◆ Task goal
The lines from the one containing "by (simp add: nn_integral_add[symmetric])" through the final line of the data below must be written out exactly, both included, and nothing more.

◆ Source records
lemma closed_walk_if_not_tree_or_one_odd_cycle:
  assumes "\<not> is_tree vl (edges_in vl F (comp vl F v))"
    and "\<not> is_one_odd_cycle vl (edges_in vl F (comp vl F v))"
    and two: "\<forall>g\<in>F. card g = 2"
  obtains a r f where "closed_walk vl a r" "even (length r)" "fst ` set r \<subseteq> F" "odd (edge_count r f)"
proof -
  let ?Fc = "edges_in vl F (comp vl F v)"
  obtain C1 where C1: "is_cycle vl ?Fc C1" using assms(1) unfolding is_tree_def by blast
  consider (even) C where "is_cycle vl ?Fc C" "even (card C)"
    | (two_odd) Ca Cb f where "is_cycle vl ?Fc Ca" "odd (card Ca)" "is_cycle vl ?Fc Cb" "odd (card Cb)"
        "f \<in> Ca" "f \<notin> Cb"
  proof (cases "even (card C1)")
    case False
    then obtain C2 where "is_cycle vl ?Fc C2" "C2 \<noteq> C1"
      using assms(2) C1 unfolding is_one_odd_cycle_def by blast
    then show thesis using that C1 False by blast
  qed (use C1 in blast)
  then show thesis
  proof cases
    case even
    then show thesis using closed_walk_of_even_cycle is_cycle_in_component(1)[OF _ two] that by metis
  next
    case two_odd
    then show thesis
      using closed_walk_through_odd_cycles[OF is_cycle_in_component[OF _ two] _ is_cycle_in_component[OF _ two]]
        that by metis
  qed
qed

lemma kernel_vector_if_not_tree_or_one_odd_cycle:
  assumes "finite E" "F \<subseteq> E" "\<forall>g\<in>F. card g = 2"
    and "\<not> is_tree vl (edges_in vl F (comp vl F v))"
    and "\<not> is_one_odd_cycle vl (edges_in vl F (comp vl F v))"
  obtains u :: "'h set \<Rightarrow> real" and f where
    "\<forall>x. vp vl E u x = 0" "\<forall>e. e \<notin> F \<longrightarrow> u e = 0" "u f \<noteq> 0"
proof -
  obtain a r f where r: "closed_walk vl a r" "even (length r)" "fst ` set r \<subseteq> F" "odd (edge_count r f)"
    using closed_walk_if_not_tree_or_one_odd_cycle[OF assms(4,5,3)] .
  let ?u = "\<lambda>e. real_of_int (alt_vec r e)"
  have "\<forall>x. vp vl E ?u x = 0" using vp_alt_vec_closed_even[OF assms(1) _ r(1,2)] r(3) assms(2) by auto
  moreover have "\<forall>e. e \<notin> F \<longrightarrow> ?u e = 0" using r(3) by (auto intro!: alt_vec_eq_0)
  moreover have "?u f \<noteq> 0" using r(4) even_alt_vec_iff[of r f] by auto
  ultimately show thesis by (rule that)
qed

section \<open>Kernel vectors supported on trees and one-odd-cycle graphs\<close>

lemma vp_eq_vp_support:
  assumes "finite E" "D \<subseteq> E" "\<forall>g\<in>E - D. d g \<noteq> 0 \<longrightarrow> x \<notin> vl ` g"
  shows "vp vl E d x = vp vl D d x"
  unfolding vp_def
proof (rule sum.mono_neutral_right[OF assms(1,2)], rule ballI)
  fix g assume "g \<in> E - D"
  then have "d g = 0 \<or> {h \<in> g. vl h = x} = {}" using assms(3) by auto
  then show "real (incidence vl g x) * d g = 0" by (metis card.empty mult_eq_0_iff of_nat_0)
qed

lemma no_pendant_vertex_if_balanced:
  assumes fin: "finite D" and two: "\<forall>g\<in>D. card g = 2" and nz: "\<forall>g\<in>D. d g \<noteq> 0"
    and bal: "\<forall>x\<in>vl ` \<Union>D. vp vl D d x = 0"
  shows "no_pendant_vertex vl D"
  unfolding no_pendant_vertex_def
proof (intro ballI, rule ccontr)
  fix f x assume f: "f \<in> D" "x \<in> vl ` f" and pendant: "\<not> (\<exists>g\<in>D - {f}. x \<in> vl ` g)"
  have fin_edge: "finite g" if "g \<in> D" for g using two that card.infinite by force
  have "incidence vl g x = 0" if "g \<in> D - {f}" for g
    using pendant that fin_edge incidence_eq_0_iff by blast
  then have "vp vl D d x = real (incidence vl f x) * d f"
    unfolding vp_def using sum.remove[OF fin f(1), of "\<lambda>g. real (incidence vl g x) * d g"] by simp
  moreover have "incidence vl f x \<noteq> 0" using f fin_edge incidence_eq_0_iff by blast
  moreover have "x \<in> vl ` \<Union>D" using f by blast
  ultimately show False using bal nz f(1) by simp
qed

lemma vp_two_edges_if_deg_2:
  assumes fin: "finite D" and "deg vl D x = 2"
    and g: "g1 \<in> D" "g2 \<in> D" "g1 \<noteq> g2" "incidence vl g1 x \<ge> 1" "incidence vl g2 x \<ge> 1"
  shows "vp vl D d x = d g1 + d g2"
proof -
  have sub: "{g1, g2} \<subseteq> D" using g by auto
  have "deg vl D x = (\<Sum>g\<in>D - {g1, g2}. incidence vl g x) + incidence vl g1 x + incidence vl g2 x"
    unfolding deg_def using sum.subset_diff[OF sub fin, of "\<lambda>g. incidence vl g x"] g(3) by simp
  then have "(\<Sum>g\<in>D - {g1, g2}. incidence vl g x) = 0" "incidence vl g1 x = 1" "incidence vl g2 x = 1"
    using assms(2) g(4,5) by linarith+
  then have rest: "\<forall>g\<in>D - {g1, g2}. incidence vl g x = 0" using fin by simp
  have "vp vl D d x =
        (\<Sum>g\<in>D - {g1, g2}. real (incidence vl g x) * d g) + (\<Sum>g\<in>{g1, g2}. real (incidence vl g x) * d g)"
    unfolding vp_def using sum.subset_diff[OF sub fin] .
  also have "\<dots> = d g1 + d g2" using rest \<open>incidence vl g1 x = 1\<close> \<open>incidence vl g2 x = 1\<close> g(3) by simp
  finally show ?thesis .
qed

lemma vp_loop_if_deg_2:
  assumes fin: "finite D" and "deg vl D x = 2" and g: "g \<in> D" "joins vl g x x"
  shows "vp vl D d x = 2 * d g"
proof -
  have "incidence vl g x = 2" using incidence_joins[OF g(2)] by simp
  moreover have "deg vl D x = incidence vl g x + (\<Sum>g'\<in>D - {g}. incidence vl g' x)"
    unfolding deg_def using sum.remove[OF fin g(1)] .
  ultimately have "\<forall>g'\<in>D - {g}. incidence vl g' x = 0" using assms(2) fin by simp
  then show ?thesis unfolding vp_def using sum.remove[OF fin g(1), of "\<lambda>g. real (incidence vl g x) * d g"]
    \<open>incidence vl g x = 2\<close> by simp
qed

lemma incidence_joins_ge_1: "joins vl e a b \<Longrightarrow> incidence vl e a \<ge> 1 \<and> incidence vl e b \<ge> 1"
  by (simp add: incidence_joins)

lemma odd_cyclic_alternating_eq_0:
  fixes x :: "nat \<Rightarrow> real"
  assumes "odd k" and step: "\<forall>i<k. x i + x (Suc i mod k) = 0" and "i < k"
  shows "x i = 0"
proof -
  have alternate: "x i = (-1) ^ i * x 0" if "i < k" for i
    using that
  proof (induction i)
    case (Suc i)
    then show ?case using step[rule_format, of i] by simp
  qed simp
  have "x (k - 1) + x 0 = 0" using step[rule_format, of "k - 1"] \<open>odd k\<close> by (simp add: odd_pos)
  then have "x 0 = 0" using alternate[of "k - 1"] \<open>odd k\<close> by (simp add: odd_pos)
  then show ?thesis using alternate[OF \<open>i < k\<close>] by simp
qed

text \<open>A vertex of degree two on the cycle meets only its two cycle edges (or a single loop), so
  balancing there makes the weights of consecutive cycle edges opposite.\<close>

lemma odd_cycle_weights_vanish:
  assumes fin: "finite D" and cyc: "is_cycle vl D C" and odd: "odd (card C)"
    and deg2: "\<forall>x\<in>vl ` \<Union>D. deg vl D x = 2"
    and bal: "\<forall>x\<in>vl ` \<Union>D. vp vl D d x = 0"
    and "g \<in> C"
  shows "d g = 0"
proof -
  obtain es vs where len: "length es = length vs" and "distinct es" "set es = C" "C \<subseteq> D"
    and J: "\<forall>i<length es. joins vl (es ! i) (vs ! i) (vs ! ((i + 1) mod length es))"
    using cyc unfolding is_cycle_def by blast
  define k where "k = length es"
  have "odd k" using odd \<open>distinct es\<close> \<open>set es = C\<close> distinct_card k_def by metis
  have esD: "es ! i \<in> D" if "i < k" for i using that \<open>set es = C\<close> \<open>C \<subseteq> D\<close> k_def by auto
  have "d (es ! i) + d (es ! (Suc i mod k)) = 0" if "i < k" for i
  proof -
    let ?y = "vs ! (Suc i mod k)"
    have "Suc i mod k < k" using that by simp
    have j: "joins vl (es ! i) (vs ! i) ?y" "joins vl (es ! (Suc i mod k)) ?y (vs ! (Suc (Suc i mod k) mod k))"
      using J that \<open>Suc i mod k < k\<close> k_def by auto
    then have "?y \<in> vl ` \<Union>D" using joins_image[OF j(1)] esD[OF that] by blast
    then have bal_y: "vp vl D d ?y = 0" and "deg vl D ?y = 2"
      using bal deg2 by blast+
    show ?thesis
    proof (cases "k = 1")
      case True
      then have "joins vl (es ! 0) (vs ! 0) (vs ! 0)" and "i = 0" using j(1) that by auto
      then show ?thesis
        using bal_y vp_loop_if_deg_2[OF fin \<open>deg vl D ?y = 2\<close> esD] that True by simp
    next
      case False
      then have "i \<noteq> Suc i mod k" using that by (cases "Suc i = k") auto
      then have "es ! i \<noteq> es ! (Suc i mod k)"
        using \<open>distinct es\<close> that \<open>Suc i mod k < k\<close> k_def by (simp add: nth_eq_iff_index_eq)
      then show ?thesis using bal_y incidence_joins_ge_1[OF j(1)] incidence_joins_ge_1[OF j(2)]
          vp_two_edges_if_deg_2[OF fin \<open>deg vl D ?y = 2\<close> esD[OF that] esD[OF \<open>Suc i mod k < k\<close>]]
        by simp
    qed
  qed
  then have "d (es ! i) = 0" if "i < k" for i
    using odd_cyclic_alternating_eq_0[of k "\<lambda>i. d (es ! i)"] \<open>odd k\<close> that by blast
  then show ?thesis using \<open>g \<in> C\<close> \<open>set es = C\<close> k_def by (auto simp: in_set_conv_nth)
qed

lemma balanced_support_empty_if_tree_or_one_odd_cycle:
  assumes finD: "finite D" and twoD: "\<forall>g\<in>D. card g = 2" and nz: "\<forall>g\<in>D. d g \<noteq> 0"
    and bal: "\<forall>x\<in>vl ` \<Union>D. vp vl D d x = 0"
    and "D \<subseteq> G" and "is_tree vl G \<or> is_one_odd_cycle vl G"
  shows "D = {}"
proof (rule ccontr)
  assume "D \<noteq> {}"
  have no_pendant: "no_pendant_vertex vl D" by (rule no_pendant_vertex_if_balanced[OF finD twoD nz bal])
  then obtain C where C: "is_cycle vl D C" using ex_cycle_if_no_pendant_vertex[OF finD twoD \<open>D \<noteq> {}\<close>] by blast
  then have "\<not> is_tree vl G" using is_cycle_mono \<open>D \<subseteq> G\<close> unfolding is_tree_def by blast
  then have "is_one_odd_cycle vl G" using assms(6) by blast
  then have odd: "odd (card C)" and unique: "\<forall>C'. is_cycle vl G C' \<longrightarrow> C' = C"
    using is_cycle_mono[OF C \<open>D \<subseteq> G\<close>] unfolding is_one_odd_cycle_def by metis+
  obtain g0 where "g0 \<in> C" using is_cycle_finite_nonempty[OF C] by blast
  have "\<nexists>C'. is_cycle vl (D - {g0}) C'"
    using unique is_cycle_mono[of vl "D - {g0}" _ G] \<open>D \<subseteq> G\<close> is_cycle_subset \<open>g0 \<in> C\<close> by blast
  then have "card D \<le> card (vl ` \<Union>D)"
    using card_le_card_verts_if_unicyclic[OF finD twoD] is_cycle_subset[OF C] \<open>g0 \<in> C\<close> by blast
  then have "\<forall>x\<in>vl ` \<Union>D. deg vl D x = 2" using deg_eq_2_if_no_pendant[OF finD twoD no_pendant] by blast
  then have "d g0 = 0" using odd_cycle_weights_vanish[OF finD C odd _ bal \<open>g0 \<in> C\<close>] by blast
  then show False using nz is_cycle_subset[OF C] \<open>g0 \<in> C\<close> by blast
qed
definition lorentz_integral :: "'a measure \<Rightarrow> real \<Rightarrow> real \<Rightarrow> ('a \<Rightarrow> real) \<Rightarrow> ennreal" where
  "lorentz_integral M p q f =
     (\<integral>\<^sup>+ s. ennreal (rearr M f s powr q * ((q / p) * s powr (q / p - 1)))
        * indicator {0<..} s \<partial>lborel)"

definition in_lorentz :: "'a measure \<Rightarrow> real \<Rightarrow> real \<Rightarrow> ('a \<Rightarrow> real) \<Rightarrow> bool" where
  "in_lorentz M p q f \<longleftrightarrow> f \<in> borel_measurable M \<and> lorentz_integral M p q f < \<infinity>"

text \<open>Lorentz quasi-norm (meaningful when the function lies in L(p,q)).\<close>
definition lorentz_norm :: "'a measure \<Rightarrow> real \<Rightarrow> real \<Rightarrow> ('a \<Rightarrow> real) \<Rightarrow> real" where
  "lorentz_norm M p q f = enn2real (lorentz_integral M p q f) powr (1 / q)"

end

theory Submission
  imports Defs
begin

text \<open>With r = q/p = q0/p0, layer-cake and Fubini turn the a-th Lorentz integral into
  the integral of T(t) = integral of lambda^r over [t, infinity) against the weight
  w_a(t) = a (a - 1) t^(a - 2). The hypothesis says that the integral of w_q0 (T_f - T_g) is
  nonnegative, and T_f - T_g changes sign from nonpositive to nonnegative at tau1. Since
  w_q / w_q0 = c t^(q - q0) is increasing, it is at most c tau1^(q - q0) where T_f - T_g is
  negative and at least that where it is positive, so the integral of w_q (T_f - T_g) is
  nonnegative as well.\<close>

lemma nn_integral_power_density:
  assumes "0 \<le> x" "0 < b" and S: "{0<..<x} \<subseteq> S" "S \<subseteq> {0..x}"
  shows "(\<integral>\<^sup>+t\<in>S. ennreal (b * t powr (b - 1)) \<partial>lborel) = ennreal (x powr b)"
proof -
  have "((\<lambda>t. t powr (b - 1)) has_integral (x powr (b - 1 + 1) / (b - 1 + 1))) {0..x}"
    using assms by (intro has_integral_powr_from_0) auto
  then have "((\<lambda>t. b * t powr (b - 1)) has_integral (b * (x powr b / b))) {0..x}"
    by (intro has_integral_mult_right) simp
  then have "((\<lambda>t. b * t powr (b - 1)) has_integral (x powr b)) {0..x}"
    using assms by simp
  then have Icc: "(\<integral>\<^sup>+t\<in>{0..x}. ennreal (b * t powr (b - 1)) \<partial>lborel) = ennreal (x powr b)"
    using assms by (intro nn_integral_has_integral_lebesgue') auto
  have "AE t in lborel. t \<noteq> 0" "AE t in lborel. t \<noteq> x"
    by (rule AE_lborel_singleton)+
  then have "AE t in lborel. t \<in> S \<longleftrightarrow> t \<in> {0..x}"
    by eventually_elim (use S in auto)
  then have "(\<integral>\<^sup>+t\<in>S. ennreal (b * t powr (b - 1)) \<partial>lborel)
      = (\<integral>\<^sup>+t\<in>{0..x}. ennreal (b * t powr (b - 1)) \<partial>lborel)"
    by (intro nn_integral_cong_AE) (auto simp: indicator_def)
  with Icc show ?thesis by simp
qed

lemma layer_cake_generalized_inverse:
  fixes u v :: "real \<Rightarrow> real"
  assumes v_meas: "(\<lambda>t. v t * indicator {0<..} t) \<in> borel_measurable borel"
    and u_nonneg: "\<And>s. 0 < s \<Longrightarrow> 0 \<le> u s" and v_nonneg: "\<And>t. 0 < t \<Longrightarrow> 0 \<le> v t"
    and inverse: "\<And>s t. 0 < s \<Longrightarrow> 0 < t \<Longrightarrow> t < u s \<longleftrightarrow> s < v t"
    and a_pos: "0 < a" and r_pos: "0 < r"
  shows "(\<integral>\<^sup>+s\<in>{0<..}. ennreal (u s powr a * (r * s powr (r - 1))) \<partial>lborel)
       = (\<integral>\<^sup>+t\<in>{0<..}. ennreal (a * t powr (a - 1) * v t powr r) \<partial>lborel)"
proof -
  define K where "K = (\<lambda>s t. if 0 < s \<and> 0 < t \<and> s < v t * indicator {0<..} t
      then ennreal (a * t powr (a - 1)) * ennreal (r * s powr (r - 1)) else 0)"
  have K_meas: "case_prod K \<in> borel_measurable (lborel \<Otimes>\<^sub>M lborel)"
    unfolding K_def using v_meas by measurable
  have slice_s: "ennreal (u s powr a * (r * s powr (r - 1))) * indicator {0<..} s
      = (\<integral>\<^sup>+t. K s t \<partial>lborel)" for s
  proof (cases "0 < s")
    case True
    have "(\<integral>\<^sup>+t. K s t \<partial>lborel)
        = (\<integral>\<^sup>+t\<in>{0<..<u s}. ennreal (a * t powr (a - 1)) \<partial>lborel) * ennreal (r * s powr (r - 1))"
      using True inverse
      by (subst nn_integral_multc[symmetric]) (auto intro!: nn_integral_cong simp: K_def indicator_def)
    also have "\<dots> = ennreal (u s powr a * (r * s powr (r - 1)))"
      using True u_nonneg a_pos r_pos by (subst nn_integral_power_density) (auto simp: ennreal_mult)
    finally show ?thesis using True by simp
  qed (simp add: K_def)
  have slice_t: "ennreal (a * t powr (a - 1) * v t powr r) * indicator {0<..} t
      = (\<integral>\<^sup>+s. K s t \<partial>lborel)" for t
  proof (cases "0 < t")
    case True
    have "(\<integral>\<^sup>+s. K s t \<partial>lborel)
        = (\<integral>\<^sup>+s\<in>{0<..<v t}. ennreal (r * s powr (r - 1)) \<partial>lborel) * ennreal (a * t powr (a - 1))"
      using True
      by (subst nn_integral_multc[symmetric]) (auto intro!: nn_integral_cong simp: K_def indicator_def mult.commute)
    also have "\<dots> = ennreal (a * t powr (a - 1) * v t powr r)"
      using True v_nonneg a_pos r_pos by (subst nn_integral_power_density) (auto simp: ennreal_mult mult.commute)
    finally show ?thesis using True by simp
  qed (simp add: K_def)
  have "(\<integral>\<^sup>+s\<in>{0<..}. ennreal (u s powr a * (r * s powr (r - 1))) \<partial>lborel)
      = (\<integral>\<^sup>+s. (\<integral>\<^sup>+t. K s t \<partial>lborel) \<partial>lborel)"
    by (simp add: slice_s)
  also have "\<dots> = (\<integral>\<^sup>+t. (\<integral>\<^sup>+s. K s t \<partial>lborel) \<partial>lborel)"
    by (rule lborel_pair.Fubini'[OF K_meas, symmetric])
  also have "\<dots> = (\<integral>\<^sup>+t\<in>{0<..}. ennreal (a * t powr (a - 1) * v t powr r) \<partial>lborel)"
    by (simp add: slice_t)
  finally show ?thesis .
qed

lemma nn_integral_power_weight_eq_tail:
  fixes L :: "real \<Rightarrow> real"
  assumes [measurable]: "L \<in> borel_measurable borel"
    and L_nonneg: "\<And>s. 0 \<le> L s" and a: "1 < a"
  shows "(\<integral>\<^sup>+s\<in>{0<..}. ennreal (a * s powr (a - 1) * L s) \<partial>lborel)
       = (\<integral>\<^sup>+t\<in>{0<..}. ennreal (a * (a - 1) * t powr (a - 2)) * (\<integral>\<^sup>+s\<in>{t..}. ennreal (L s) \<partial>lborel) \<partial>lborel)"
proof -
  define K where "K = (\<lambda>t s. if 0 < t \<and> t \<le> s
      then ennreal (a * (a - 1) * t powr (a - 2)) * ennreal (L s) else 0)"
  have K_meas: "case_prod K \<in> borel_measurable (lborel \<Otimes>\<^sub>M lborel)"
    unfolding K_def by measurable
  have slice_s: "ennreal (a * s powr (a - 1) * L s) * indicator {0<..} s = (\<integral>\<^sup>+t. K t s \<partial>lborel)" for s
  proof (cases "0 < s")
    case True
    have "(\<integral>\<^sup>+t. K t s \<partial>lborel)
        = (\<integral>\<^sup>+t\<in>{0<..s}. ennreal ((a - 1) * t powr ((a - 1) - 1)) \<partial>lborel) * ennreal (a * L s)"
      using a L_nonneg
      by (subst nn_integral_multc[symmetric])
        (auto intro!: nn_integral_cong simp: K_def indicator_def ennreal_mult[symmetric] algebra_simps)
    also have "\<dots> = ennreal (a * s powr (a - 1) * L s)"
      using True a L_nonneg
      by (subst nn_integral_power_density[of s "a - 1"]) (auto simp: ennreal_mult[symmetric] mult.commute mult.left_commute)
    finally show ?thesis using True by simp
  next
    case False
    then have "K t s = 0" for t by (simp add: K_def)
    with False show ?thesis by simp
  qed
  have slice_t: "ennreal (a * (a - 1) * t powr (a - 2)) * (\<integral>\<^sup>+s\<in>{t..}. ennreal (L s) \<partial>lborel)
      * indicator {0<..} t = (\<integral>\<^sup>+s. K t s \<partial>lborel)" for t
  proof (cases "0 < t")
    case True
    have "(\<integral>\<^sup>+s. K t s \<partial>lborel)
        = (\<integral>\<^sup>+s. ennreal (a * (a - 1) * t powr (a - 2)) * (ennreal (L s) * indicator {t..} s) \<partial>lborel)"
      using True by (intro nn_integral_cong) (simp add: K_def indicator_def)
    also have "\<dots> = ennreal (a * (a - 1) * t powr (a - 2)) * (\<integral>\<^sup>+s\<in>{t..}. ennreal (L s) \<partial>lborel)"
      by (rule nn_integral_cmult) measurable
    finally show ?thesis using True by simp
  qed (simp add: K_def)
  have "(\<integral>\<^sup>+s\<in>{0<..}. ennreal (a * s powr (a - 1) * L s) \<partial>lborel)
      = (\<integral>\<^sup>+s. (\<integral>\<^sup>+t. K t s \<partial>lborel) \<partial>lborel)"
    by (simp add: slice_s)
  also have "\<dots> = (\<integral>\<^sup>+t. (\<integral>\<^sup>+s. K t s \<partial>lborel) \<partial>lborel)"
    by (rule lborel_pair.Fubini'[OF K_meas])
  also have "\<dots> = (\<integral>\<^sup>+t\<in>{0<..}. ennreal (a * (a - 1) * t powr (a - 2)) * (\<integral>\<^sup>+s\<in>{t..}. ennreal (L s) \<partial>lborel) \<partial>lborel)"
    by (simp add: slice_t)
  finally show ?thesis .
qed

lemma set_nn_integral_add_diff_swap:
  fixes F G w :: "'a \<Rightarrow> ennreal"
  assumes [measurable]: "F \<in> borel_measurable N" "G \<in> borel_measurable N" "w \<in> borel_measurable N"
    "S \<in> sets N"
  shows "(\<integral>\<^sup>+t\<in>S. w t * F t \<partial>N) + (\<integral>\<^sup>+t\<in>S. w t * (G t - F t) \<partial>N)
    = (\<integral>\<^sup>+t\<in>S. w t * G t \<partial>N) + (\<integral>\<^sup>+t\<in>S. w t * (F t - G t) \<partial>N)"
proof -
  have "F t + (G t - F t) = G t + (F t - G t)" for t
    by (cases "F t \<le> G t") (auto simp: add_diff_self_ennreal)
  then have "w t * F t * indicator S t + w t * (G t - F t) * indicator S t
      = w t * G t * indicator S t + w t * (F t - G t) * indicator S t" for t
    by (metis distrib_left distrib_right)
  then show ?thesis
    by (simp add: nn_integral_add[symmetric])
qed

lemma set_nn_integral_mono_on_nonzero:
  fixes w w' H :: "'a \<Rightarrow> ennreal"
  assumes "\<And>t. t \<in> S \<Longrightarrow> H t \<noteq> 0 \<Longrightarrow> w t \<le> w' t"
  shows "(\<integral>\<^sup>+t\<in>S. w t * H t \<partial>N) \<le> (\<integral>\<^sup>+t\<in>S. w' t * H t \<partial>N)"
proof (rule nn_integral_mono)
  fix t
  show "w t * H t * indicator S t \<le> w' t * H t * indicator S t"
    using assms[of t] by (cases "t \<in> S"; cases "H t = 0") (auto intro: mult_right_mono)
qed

◆ Written answer
    by (simp add: nn_integral_add[symmetric])
qed

lemma set_nn_integral_mono_on_nonzero:
  fixes w w' H :: "'a \<Rightarrow> ennreal"
  assumes "\<And>t. t \<in> S \<Longrightarrow> H t \<noteq> 0 \<Longrightarrow> w t \<le> w' t"
  shows "(\<integral>\<^sup>+t\<in>S. w t * H t \<partial>N) \<le> (\<integral>\<^sup>+t\<in>S. w' t * H t \<partial>N)"
proof (rule nn_integral_mono)
  fix t
  show "w t * H t * indicator S t \<le> w' t * H t * indicator S t"
    using assms[of t] by (cases "t \<in> S"; cases "H t = 0") (auto intro: mult_right_mono)
qed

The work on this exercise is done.